Type a new keyword(s) and press Enter to search

Learning

 

            Learning is a relatively permanent change in an organisms behavior due to experience. What is learnable we can potentially teach. Experience is key to learning. Through associative learning we come to link certain events. The process of learning association between events is called conditioning.
             Associative learning had been discussed for centuries, it remained, for Ivan Pavlov, to capture the phenomenon of classical conditioning.
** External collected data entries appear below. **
text \<open>Since \<open>sin \<theta> cis (s cos \<theta>)\<close> is a derivative up to the factor \<open>- \<i> s\<close>, integration by parts
  gives decay like \<open>1/s\<close>.\<close>

lemma norm_integral_cis_cos_sin_le:
  fixes G G' :: "real \<Rightarrow> real"
  assumes "a \<le> b" and G: "\<And>\<theta>. (G has_real_derivative G' \<theta>) (at \<theta>)"
    and G'_cont: "continuous_on {a..b} G'" and "G a = 0" and "G b = 0" and "0 < s"
  shows "norm (integral {a..b} (\<lambda>\<theta>. cis (s * cos \<theta>) * (sin \<theta> * G \<theta>)))
    \<le> integral {a..b} (\<lambda>\<theta>. \<bar>G' \<theta>\<bar>) / s"
proof -
  define E where "E \<theta> = cis (s * cos \<theta>)" for \<theta>
  from has_vector_derivative_mult[OF has_vector_derivative_cis_cos has_vector_derivative_of_real[OF G]]
  have "((\<lambda>\<theta>. E \<theta> * G \<theta>) has_vector_derivative
      (E \<theta> * G' \<theta> + (- \<i> * s) * (E \<theta> * (sin \<theta> * G \<theta>)))) (at \<theta>)" for \<theta>
    by (simp add: E_def algebra_simps)
  then have parts: "((\<lambda>\<theta>. E \<theta> * G' \<theta> + (- \<i> * s) * (E \<theta> * (sin \<theta> * G \<theta>))) has_integral 0) {a..b}"
    using fundamental_theorem_of_calculus[OF \<open>a \<le> b\<close>, of "\<lambda>\<theta>. E \<theta> * G \<theta>"] \<open>G a = 0\<close> \<open>G b = 0\<close>
    by (simp add: has_vector_derivative_at_within)
  have "continuous_on {a..b} (\<lambda>\<theta>. E \<theta> * G' \<theta>)"
    unfolding E_def by (intro continuous_intros G'_cont)
  then have boundary: "((\<lambda>\<theta>. E \<theta> * G' \<theta>) has_integral integral {a..b} (\<lambda>\<theta>. E \<theta> * G' \<theta>)) {a..b}"
    using integrable_continuous_interval by blast
  have "((\<lambda>\<theta>. (- \<i> * s) * (E \<theta> * (sin \<theta> * G \<theta>))) has_integral
      - integral {a..b} (\<lambda>\<theta>. E \<theta> * G' \<theta>)) {a..b}"
    using has_integral_diff[OF parts boundary] by simp
  from has_integral_mult_right[OF this, of "\<i> / s"]
  have "integral {a..b} (\<lambda>\<theta>. E \<theta> * (sin \<theta> * G \<theta>)) = \<i> / s * - integral {a..b} (\<lambda>\<theta>. E \<theta> * G' \<theta>)"
    using \<open>0 < s\<close> by (intro integral_unique) (simp add: mult.assoc[symmetric])
  then have "norm (integral {a..b} (\<lambda>\<theta>. E \<theta> * (sin \<theta> * G \<theta>))) = norm (integral {a..b} (\<lambda>\<theta>. E \<theta> * G' \<theta>)) / s"
    using \<open>0 < s\<close> by (simp add: norm_mult norm_divide)
  also have "\<dots> \<le> integral {a..b} (\<lambda>\<theta>. \<bar>G' \<theta>\<bar>) / s"
  proof (intro divide_right_mono integral_norm_bound_integral)
    show "(\<lambda>\<theta>. E \<theta> * G' \<theta>) integrable_on {a..b}"
      using boundary by blast
    show "(\<lambda>\<theta>. \<bar>G' \<theta>\<bar>) integrable_on {a..b}"
      by (intro integrable_continuous_interval continuous_intros G'_cont)
  qed (use \<open>0 < s\<close> in \<open>auto simp: E_def norm_mult\<close>)
  finally show ?thesis
    by (simp add: E_def)
qed

section \<open>Generalized eigenfunctions and the spectral measure\<close>

locale jacobi_params =
  fixes B C :: real
  assumes B_pos: "0 < B" and C_pos: "0 < C" and C_less: "C < sqrt 2 * B"
begin

text \<open>The hypothesis \<open>C < sqrt 2 * B\<close> says exactly \<open>\<bar>rho\<bar> < 1\<close>, i.e. the Jost function has no zeros
  in the closed unit disc: \<open>H\<close> has no bound states.\<close>

definition rho :: real where
  "rho = 1 - C\<^sup>2 / B\<^sup>2"

definition jost :: "real \<Rightarrow> complex" where
  "jost \<theta> = 1 + rho * cis (2 * \<theta>)"

definition scattering :: "real \<Rightarrow> complex" where
  "scattering \<theta> = cnj (jost \<theta>) / jost \<theta>"

definition eigfun_raw :: "nat \<Rightarrow> real \<Rightarrow> complex" where
  "eigfun_raw k \<theta> = cis (- (real k + 1) * \<theta>) - scattering \<theta> * cis ((real k + 1) * \<theta>)"

definition eigfun_sine :: "nat \<Rightarrow> real \<Rightarrow> real" where
  "eigfun_sine k \<theta> = sin ((real k + 1) * \<theta>) + rho * sin ((real k - 1) * \<theta>)"

definition eigfun_scale :: "nat \<Rightarrow> real" where
  "eigfun_scale k = (if k = 0 then B / C else 1)"

definition eigfun :: "nat \<Rightarrow> real \<Rightarrow> complex" where
  "eigfun k \<theta> = eigfun_scale k * eigfun_raw k \<theta>"

lemma abs_rho_less_1: "\<bar>rho\<bar> < 1"
proof -
  have "C\<^sup>2 < (sqrt 2 * B)\<^sup>2"
    using C_less C_pos by (intro power_strict_mono) auto
  then have "C\<^sup>2 / B\<^sup>2 < 2"
    using B_pos by (simp add: power_mult_distrib divide_less_eq)
  moreover have "0 < C\<^sup>2 / B\<^sup>2"
    using B_pos C_pos by simp
  ultimately show ?thesis
    unfolding rho_def by auto
qed

lemma one_minus_rho: "1 - rho = C\<^sup>2 / B\<^sup>2"
  by (simp add: rho_def)

lemma jost_nonzero: "jost \<theta> \<noteq> 0"
proof
  assume "jost \<theta> = 0"
  then have "norm (rho * cis (2 * \<theta>)) = 1"
    unfolding jost_def by (metis add_eq_0_iff norm_minus_cancel norm_one)
  then show False
    using abs_rho_less_1 by (simp add: norm_mult)
qed

lemma cnj_jost: "cnj (jost \<theta>) = 1 + rho * cis (- 2 * \<theta>)"
  by (simp add: jost_def cis_cnj)

lemma cnj_scattering_mult_self: "cnj (scattering \<theta>) * scattering \<theta> = 1"
  using jost_nonzero[of \<theta>] by (simp add: scattering_def)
Pavlov repeatedly presented a neutral stimulus, just before an unconditioned stimulus, triggered an unconditioned response. After several repetitions, the stimulus alone began triggering a conditioned response. Further experiments on acquisition revealed that classical conditioning was usually greatest when the CS was presented just before the UCS, thus preparing the organism for what was comming.
             The first stage in response learning involves the association of the CS with the US. Responses are subsequently weakened if they are not reinforced, but they may reappear after a pause, response may be triggered by stimuli similar to the conditioned stimulus, but not by a dissimilar stimuli.
             The behaviorists optimism that learning principles would generalize from one response to another and from one species to another has been tempered. Conditioning principles we know are cognitively and biologically constrained. In classical conditioning, animals learn when to expect an unconditioned stimulus. Moreover biological predispositions make learning some associations easier than learning others. For example Rats are biologically predisposed to learn associations between a peculiar taste and a sickness. They will avoid the drink with that taste. They do not learn to avoid a sickening drink announced by a noise.
             Pavlov's conditioning principles generalize to many species and are applicable to humans, especially to learning of emotions, such as fear. His objective methods illustrated how psychology could proceed as a science.